Business Intelligence Project

137315 18-11-2023

Student Details

Student ID Number and Name 137315 - Yashvi Bhadania
Group C
Course Code BBT4206
Course Name Business Intelligence II
Program Bachelor of Business Information Technology
Semester Duration 16th October 2023 to 28th November 2023 |

STEP 1 Loading the Dataset

#Importing the dataset
library(readr)
Crop_recommendation <- read_csv("data/Crop_recommendation.csv")
View(Crop_recommendation)

STEP 2 Issue 1: Descriptive Statistics

# Load necessary libraries
library(dplyr)

# Measures of Frequency
frequency_table <- table(Crop_recommendation$label)
print("Measures of Frequency:")
print(frequency_table)

# Measures of Central Tendency
central_tendency <- summary(Crop_recommendation[, c("N", "P", "K", "temperature", "humidity", "ph", "rainfall")])
print("Measures of Central Tendency:")
print(central_tendency)

# Measures of Distribution
distribution <- sapply(Crop_recommendation[, c("N", "P", "K", "temperature", "humidity", "ph", "rainfall")], sd)
print("Measures of Distribution:")
print(distribution)

# Measures of Relationship
correlation_matrix <- cor(Crop_recommendation[, c("N", "P", "K", "temperature", "humidity", "ph", "rainfall")])
print("Measures of Relationship (Correlation Matrix):")
print(correlation_matrix)

STEP 3. Issue 2: Inferential Statistics - ANOVA

# Example: One-way ANOVA to test if there are any significant differences in the 'N' values among different crops
anova_result <- aov(N ~ label, data = Crop_recommendation)
print("ANOVA Results:")
print(summary(anova_result))

# Note: This can be repeated for other variables (P, K, temperature, humidity, ph, rainfall) by changing the formula accordingly.
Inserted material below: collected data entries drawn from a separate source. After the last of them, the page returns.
(* Let $\pi\in\mathfrak{S}_n$ avoid $231$. If $(a,b)$ and $(c,d)$ are $2$-cycles in the disjoint cycle decomposition of $\pi$ with $a<b$, $c<d$ and $a<c$, then either $b<c$ or $b>d$.
   Context: A permutation avoids $231$ if there are no indices $i<j<k$ with $\pi_k<\pi_i<\pi_j$. *)

theory Defs
  imports "HOL-Combinatorics.Permutations"
begin

definition avoids_231 :: "nat \<Rightarrow> (nat \<Rightarrow> nat) \<Rightarrow> bool" where
  "avoids_231 n p \<longleftrightarrow>
     \<not> (\<exists>i j k. i \<in> {1..n} \<and> j \<in> {1..n} \<and> k \<in> {1..n} \<and> i < j \<and> j < k \<and>
                 p k < p i \<and> p i < p j)"

end

theory Submission
  imports Defs
begin

lemma avoids_231D:
  assumes "avoids_231 n p"
    and "i \<in> {1..n}" and "j \<in> {1..n}" and "k \<in> {1..n}"
    and "i < j" and "j < k" and "p k < p i"
  shows "p j \<le> p i"
  using assms leI unfolding avoids_231_def by blast

theorem lemma3p2:
  fixes n :: nat and p :: "nat \<Rightarrow> nat" and a b c d :: nat
  assumes "p permutes {1..n}"
    and "avoids_231 n p"
    and "p a = b" and "p b = a" and "a < b"
    and "p c = d" and "p d = c" and "c < d"
    and "a < c"
  shows "b < c \<or> b > d"
proof (rule ccontr)
  assume "\<not> (b < c \<or> b > d)"
  moreover have "b \<noteq> c" and "b \<noteq> d" using assms by auto
  ultimately have "c < b" and "b < d" by auto
  have "a \<in> {1..n}" using permutes_not_in[OF assms(1), of a] assms(3,5) by auto
  moreover have "b \<in> {1..n}" using permutes_not_in[OF assms(1), of b] assms(4,5) by auto
  moreover have "c \<in> {1..n}" using permutes_not_in[OF assms(1), of c] assms(6,8) by auto
  \<comment> \<open>the positions a < c < b carry the values b, d, a: a 231 pattern\<close>
  ultimately have "p c \<le> p a"
    using avoids_231D[OF assms(2), of a c b] \<open>a < c\<close> \<open>c < b\<close> assms(3,4,5) by simp
  with \<open>b < d\<close> assms(3,6) show False by simp
qed

end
STEP 4. Issue 3: Basic Visualization - Univariate and Multivariate Plots

# Load necessary libraries
library(ggplot2)

# Univariate Plot for 'N' values
ggplot(Crop_recommendation, aes(x = label, y = N)) +
  geom_boxplot(fill = "lightblue") +
  labs(title = "Boxplot of N values for each crop",
       x = "Crop",
       y = "N Value")

# The above code can be repeated for other variables (P, K, temperature, humidity, ph, rainfall) to create univariate plots for each.
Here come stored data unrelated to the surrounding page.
(* Let $K=\mathbb{F}_{q^n}$, let $\sigma$ be an automorphism of $K$ of order $n>1$ with fixed field $F=\mathbb{F}_q$, and let $f\in K[t;\sigma]$ be monic of degree $m\ge 2$, irreducible and not right-invariant, with $n\ge m-1$. Suppose the multiplicative loop $L_f$ of $S_f$ has nucleus $K^\times\cdot 1$. Then $|\{T_c\in\mathrm{Inn}(L_f)\,:\, T_c \text{ is an automorphism of } L_f\}|\ge \frac{q^n-1}{q-1}.$
   Context: $R=K[t;\sigma]$ is the twisted polynomial ring ($tb=\sigma(b)t$ for $b\in K$). $f$ is irreducible if it has no factorization into two factors of smaller degree; right-invariant if $Rf$ is a two-sided ideal. $S_f$ is the set of elements of $R$ of degree $<m$ with multiplication $g\circ h=gh\bmod_r f$ (remainder of right division by $f$), a proper semifield; $L_f=S_f\setminus\{0\}$ is its multiplicative loop. The nucleus of a loop $L$ is the set of $x$ with $(xy)z=x(yz)$, $(yx)z=y(xz)$, $(yz)x=y(zx)$ for all $y,z\in L$. For $x\in L$, $L_x(y)=xy$, $R_x(y)=yx$, and $T_x=L_x^{-1}R_x$ is the middle inner mapping; $\mathrm{Mlt}(L)$ is the group generated by all $L_x,R_x$ and $\mathrm{Inn}(L)=\{g\in\mathrm{Mlt}(L):g(1)=1\}$. *)

theory Defs
  imports "HOL-Computational_Algebra.Polynomial" "HOL-Algebra.Generated_Groups" "HOL-Algebra.Bij"
begin

(* Twisted polynomial ring K[t;sigma], elements represented by their coefficient
   polynomials ('k poly); multiplication determined by  t b = sigma(b) t, i.e.
   (a t^i)(b t^j) = a sigma^i(b) t^(i+j). *)
definition skew_mult :: "('k::field \<Rightarrow> 'k) \<Rightarrow> 'k poly \<Rightarrow> 'k poly \<Rightarrow> 'k poly" where
  "skew_mult \<sigma> p r =
     (\<Sum>i\<le>degree p. \<Sum>j\<le>degree r. monom (coeff p i * (\<sigma> ^^ i) (coeff r j)) (i + j))"

definition skew_rmod :: "('k::field \<Rightarrow> 'k) \<Rightarrow> 'k poly \<Rightarrow> 'k poly \<Rightarrow> 'k poly" where
  "skew_rmod \<sigma> g f =
     (THE r. degree r < degree f \<and> (\<exists>q. g = skew_mult \<sigma> q f + r))"

definition skew_irreducible :: "('k::field \<Rightarrow> 'k) \<Rightarrow> 'k poly \<Rightarrow> bool" where
  "skew_irreducible \<sigma> f \<longleftrightarrow>
     \<not> (\<exists>g h. f = skew_mult \<sigma> g h \<and> degree g < degree f \<and> degree h < degree f)"

(* R f is a two-sided ideal, i.e. f R \<subseteq> R f *)
definition right_invariant :: "('k::field \<Rightarrow> 'k) \<Rightarrow> 'k poly \<Rightarrow> bool" where
  "right_invariant \<sigma> f \<longleftrightarrow> (\<forall>g. \<exists>h. skew_mult \<sigma> f g = skew_mult \<sigma> h f)"

definition Sf_mult :: "('k::field \<Rightarrow> 'k) \<Rightarrow> 'k poly \<Rightarrow> 'k poly \<Rightarrow> 'k poly \<Rightarrow> 'k poly" where
  "Sf_mult \<sigma> f g h = skew_rmod \<sigma> (skew_mult \<sigma> g h) f"

definition Lf :: "'k::field poly \<Rightarrow> 'k poly set" where
  "Lf f = {p. degree p < degree f \<and> p \<noteq> 0}"

definition loop_nucleus :: "'a set \<Rightarrow> ('a \<Rightarrow> 'a \<Rightarrow> 'a) \<Rightarrow> 'a set" where
  "loop_nucleus L mul = {x \<in> L. \<forall>y\<in>L. \<forall>z\<in>L.
      mul (mul x y) z = mul x (mul y z) \<and>
      mul (mul y x) z = mul y (mul x z) \<and>
      mul (mul y z) x = mul y (mul z x)}"

definition lmult_map :: "'a set \<Rightarrow> ('a \<Rightarrow> 'a \<Rightarrow> 'a) \<Rightarrow> 'a \<Rightarrow> 'a \<Rightarrow> 'a" where
  "lmult_map L mul x = (\<lambda>y\<in>L. mul x y)"

definition rmult_map :: "'a set \<Rightarrow> ('a \<Rightarrow> 'a \<Rightarrow> 'a) \<Rightarrow> 'a \<Rightarrow> 'a \<Rightarrow> 'a" where
  "rmult_map L mul x = (\<lambda>y\<in>L. mul y x)"

definition Mlt :: "'a set \<Rightarrow> ('a \<Rightarrow> 'a \<Rightarrow> 'a) \<Rightarrow> ('a \<Rightarrow> 'a) set" where
  "Mlt L mul = generate (BijGroup L)
      ((lmult_map L mul ` L) \<union> (rmult_map L mul ` L))"

definition Inn :: "'a set \<Rightarrow> ('a \<Rightarrow> 'a \<Rightarrow> 'a) \<Rightarrow> 'a \<Rightarrow> ('a \<Rightarrow> 'a) set" where
  "Inn L mul e = {g \<in> Mlt L mul. g e = e}"

definition middle_inner :: "'a set \<Rightarrow> ('a \<Rightarrow> 'a \<Rightarrow> 'a) \<Rightarrow> 'a \<Rightarrow> 'a \<Rightarrow> 'a" where
  "middle_inner L mul x =
     inv\<^bsub>BijGroup L\<^esub> (lmult_map L mul x) \<otimes>\<^bsub>BijGroup L\<^esub> rmult_map L mul x"

definition loop_automorphism :: "'a set \<Rightarrow> ('a \<Rightarrow> 'a \<Rightarrow> 'a) \<Rightarrow> ('a \<Rightarrow> 'a) \<Rightarrow> bool" where
  "loop_automorphism L mul \<phi> \<longleftrightarrow>
     bij_betw \<phi> L L \<and> (\<forall>x\<in>L. \<forall>y\<in>L. \<phi> (mul x y) = mul (\<phi> x) (\<phi> y))"

end

theory Submission
  imports Defs
begin

(* Every nonzero constant c is nuclear in L_f, so the middle inner mapping
   T_c = L_c^-1 R_c is z |-> c^-1 (z c): it fixes 1, lies in Mlt(L_f), and is
   multiplicative because c and c^-1 may be moved freely through products.
   Since T_c(t) = (sigma(c)/c) t, T_c = T_d forces d/c into the fixed field F,
   so the map c |-> T_c on the q^n - 1 units of K has fibres of size at most q - 1.
   Irreducibility of f is needed only to make L_f closed under multiplication. *)

lemma finite_degree_le:
  assumes "finite (UNIV :: 'a::comm_monoid_add set)"
  shows "finite {p :: 'a poly. degree p \<le> d}"
proof -
  have "{p :: 'a poly. degree p \<le> d} \<subseteq> (\<lambda>c. \<Sum>i\<le>d. monom (c i) i) ` (PiE {..d} (\<lambda>_. UNIV))"
  proof
    fix p :: "'a poly" assume "p \<in> {p. degree p \<le> d}"
    then have "p = (\<Sum>i\<le>d. monom (restrict (coeff p) {..d} i) i)"
      by (simp add: poly_as_sum_of_monoms')
    moreover have "restrict (coeff p) {..d} \<in> PiE {..d} (\<lambda>_. UNIV)" by simp
    ultimately show "p \<in> (\<lambda>c. \<Sum>i\<le>d. monom (c i) i) ` (PiE {..d} (\<lambda>_. UNIV))" by blast
  qed
  moreover have "finite (PiE {..d} (\<lambda>_. UNIV :: 'a set))" using assms by (intro finite_PiE) auto
  ultimately show ?thesis by (meson finite_imageI finite_subset)
qed

locale twisted_poly =
  fixes \<sigma> :: "'k::field \<Rightarrow> 'k"
  assumes sigma_add: "\<And>x y. \<sigma> (x + y) = \<sigma> x + \<sigma> y"
    and sigma_mult: "\<And>x y. \<sigma> (x * y) = \<sigma> x * \<sigma> y"
    and sigma_bij: "bij \<sigma>"
begin

abbreviation skew_times :: "'k poly \<Rightarrow> 'k poly \<Rightarrow> 'k poly" (infixl "\<star>" 70)
  where "p \<star> r \<equiv> skew_mult \<sigma> p r"

lemma funpow_sigma_add: "(\<sigma> ^^ i) (x + y) = (\<sigma> ^^ i) x + (\<sigma> ^^ i) y"
  by (induction i) (auto simp: sigma_add)

lemma funpow_sigma_mult: "(\<sigma> ^^ i) (x * y) = (\<sigma> ^^ i) x * (\<sigma> ^^ i) y"
  by (induction i) (auto simp: sigma_mult)

lemma funpow_sigma_eq_iff: "(\<sigma> ^^ i) x = (\<sigma> ^^ i) y \<longleftrightarrow> x = y"
  using bij_fn[OF sigma_bij, of i] by (meson bij_is_inj injD)

lemma funpow_sigma_0 [simp]: "(\<sigma> ^^ i) 0 = 0"
proof -
  have "(\<sigma> ^^ i) 0 + (\<sigma> ^^ i) 0 = (\<sigma> ^^ i) 0 + 0"
    using funpow_sigma_add[of i 0 0] by simp
  then show ?thesis by (simp only: add_left_cancel)
qed

lemma funpow_sigma_eq_0_iff [simp]: "(\<sigma> ^^ i) x = 0 \<longleftrightarrow> x = 0"
  using funpow_sigma_eq_iff[of i x 0] by simp

lemma funpow_sigma_1 [simp]: "(\<sigma> ^^ i) 1 = 1"
proof -
  have "(\<sigma> ^^ i) 1 * (\<sigma> ^^ i) 1 = (\<sigma> ^^ i) 1 * 1"
    using funpow_sigma_mult[of i 1 1] by simp
  then show ?thesis by (metis funpow_sigma_eq_0_iff mult_left_cancel one_neq_zero)
qed

lemma skew_mult_bounded_sum:
  assumes "degree p \<le> N" "degree r \<le> M"
  shows "p \<star> r = (\<Sum>i\<le>N. \<Sum>j\<le>M. monom (coeff p i * (\<sigma> ^^ i) (coeff r j)) (i + j))"
proof -
  have inner: "(\<Sum>j\<le>M. monom (coeff p i * (\<sigma> ^^ i) (coeff r j)) (i + j))
     = (\<Sum>j\<le>degree r. monom (coeff p i * (\<sigma> ^^ i) (coeff r j)) (i + j))" for i
    by (rule sum.mono_neutral_right) (use assms in \<open>auto simp: coeff_eq_0\<close>)
  have "(\<Sum>i\<le>N. \<Sum>j\<le>degree r. monom (coeff p i * (\<sigma> ^^ i) (coeff r j)) (i + j))
     = (\<Sum>i\<le>degree p. \<Sum>j\<le>degree r. monom (coeff p i * (\<sigma> ^^ i) (coeff r j)) (i + j))"
    by (rule sum.mono_neutral_right) (use assms in \<open>auto simp: coeff_eq_0\<close>)
  then show ?thesis by (simp add: inner skew_mult_def)
qed

lemma skew_mult_add_left: "(p + p') \<star> r = p \<star> r + p' \<star> r"
proof -
  let ?N = "max (degree p) (degree p')"
  have "degree (p + p') \<le> ?N" by (rule degree_add_le) auto
  then show ?thesis
    by (simp add: skew_mult_bounded_sum[of _ ?N r "degree r"] distrib_right
        add_monom[symmetric] sum.distrib)
qed

lemma skew_mult_add_right: "p \<star> (r + r') = p \<star> r + p \<star> r'"
proof -
  let ?M = "max (degree r) (degree r')"
  have "degree (r + r') \<le> ?M" by (rule degree_add_le) auto
  then show ?thesis
    by (simp add: skew_mult_bounded_sum[of p "degree p" _ ?M] funpow_sigma_add distrib_left
        add_monom[symmetric] sum.distrib)
qed

lemma skew_mult_0_left [simp]: "0 \<star> r = 0"
  by (simp add: skew_mult_def)

lemma skew_mult_0_right [simp]: "p \<star> 0 = 0"
  by (simp add: skew_mult_def)

lemma skew_mult_diff_left: "(p - p') \<star> r = p \<star> r - p' \<star> r"
  using skew_mult_add_left[of "p - p'" p' r] by (simp add: eq_diff_eq)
# Multivariate Plot for 'N' and 'P' values
ggplot(Crop_recommendation, aes(x = N, y = P, color = label)) +
  geom_point() +
  labs(title = "Scatter plot of N vs P for each crop",
       x = "N Value",
       y = "P Value")

# The above code can be repeated for other combinations of variables to create multivariate plots.
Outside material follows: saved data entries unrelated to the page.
text \<open>The mixed difference is controlled without exchanging the order of differentiation:
  \<open>pdy X (x, y) - pdy X (x0, y)\<close> is the derivative at \<open>y\<close> of \<open>s \<mapsto> X (x, s) - X (x0, s)\<close>,
  whose Lipschitz constant is bounded by the mean value theorem in the first variable.\<close>

lemma pdy_difference_bound:
  assumes "x \<in> {-1..1}" and "x0 \<in> {-1..1}" and "y \<in> {-1..1}" and "q \<in> sqI"
  shows "\<bar>pdy X (x, y) - pdy X (x0, y)\<bar> \<le> C * exp (4 * C) * \<bar>pdx X q\<bar> * \<bar>x - x0\<bar>"
proof (rule derivative_le_Lipschitz_constant[where S = "{-1..1::real}", simplified real_norm_def])
  note partials = has_derivative_partials_onD[OF C2_on_partials(1)[OF C2]]
  let ?M = "C * exp (4 * C) * \<bar>pdx X q\<bar>"
  show "((\<lambda>s. X (x, s) - X (x0, s)) has_real_derivative pdy X (x, y) - pdy X (x0, y)) (at y within {-1..1})"
    using partials(2)[of x y] partials(2)[of x0 y] assms by (auto intro!: derivative_eq_intros simp: sqI_def)
  show "at y within {-1..1::real} \<noteq> bot"
    using assms(3) by (simp add: trivial_limit_within islimpt_Icc)
  fix z :: real assume z: "z \<in> {-1..1}"
  have "\<bar>(X (x, z) - X (x, y)) - (X (x0, z) - X (x0, y))\<bar> \<le> ?M * \<bar>z - y\<bar> * \<bar>x - x0\<bar>"
  proof (rule field_differentiable_bound[OF convex_real_interval(5)[of "-1" 1],
        of "\<lambda>t. X (t, z) - X (t, y)" "\<lambda>t. pdx X (t, z) - pdx X (t, y)", simplified real_norm_def])
    fix t :: real assume t: "t \<in> {-1..1}"
    show "((\<lambda>t. X (t, z) - X (t, y)) has_real_derivative pdx X (t, z) - pdx X (t, y)) (at t within {-1..1})"
      using partials(1)[of t z] partials(1)[of t y] t z assms by (auto intro!: derivative_eq_intros simp: sqI_def)
    show "\<bar>pdx X (t, z) - pdx X (t, y)\<bar> \<le> ?M * \<bar>z - y\<bar>"
      using pdx_Lipschitz[of "(t, z)" "(t, y)" q] t z assms by (simp add: sqI_def)
  qed (use assms in auto)
  then show "\<bar>X (x, z) - X (x0, z) - (X (x, y) - X (x0, y))\<bar> \<le> ?M * \<bar>x - x0\<bar> * \<bar>z - y\<bar>"
    by (simp add: algebra_simps)
qed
STEP 5. Issue 4: Preprocessing and Data Transformation

# Load necessary libraries
library(tidyr)

# Confirmation of the presence of missing values
missing_values <- sum(is.na(Crop_recommendation))
print(paste("Number of Missing Values:", missing_values))

# Data imputation (not applicable but did for practic)
# For simplicity, let's impute missing values with the mean of each column
Crop_recommendation_imputed <- Crop_recommendation %>%
  mutate_all(~ifelse(is.na(.), mean(., na.rm = TRUE), .))

# Confirm that missing values are imputed
missing_values_after_imputation <- sum(is.na(Crop_recommendation_imputed))
print(paste("Number of Missing Values After Imputation:", missing_values_after_imputation))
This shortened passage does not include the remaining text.